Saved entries
Content starts

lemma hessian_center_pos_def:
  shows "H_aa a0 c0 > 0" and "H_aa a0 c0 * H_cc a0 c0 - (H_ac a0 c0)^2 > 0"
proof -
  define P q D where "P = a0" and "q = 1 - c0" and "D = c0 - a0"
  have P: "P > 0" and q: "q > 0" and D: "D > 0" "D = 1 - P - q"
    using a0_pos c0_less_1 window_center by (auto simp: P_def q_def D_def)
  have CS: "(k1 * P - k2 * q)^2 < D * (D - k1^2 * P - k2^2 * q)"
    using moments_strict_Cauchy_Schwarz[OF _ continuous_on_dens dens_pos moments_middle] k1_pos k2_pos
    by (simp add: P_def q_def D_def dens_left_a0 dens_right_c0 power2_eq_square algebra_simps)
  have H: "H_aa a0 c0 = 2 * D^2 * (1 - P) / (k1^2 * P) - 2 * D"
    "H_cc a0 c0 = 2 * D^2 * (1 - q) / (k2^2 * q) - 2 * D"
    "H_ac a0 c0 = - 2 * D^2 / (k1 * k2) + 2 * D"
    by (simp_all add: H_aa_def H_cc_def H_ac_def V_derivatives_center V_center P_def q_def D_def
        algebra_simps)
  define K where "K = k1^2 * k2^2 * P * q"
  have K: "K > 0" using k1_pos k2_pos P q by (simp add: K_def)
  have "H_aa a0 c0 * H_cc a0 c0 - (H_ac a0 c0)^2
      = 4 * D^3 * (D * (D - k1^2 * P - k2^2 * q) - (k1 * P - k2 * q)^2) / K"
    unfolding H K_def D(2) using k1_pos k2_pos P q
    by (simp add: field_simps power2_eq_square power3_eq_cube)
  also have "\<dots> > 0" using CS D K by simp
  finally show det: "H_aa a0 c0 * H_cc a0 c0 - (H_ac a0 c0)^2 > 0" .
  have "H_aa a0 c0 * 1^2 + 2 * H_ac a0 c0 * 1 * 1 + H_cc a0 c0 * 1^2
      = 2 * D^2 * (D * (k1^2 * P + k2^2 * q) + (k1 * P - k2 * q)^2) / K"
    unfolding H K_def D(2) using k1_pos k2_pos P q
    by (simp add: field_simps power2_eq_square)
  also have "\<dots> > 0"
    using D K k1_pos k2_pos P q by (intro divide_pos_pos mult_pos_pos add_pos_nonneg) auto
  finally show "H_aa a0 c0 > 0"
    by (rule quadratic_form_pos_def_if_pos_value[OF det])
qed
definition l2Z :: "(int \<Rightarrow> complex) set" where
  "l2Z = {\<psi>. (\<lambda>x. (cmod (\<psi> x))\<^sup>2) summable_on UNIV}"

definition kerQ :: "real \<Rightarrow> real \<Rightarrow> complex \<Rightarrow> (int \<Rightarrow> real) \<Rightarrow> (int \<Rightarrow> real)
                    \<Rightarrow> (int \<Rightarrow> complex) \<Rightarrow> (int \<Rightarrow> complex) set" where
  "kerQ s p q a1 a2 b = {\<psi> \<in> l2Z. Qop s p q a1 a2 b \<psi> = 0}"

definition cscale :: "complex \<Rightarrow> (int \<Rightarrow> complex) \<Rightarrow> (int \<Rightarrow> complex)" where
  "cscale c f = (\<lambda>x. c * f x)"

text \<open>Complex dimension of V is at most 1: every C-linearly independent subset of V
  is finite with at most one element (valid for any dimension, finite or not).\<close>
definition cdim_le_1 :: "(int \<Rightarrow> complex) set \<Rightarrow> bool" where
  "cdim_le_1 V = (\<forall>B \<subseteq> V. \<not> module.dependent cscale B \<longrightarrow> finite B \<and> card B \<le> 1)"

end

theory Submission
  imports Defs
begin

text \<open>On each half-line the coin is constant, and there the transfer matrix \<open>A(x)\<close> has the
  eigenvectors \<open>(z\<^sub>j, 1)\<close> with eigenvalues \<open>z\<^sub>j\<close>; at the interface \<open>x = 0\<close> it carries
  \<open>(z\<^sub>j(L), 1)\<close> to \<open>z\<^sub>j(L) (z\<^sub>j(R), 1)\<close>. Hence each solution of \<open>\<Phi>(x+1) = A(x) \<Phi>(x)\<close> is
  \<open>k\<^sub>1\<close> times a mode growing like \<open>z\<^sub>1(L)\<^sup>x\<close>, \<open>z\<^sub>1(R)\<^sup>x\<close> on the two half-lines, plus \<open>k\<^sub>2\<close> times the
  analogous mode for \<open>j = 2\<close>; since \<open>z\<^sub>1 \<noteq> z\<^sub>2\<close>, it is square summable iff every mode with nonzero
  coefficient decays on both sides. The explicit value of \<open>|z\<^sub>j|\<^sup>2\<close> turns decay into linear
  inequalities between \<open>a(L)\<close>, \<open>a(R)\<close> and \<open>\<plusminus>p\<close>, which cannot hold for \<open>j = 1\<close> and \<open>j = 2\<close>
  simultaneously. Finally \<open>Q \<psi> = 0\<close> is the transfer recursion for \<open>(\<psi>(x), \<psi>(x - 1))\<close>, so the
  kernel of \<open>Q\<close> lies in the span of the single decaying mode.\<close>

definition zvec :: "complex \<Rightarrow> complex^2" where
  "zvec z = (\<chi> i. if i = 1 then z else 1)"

Content ends

▸ **WORK REQUEST**
Nothing but the lines from the start of the data above through the line with "using a0_pos c0_less_1" should appear in your answer, copied exactly.

▸ **ANSWER SECTION**
lemma hessian_center_pos_def:
  shows "H_aa a0 c0 > 0" and "H_aa a0 c0 * H_cc a0 c0 - (H_ac a0 c0)^2 > 0"
proof -
  define P q D where "P = a0" and "q = 1 - c0" and "D = c0 - a0"
  have P: "P > 0" and q: "q > 0" and D: "D > 0" "D = 1 - P - q"
    using a0_pos c0_less_1 window_center by (auto simp: P_def q_def D_def)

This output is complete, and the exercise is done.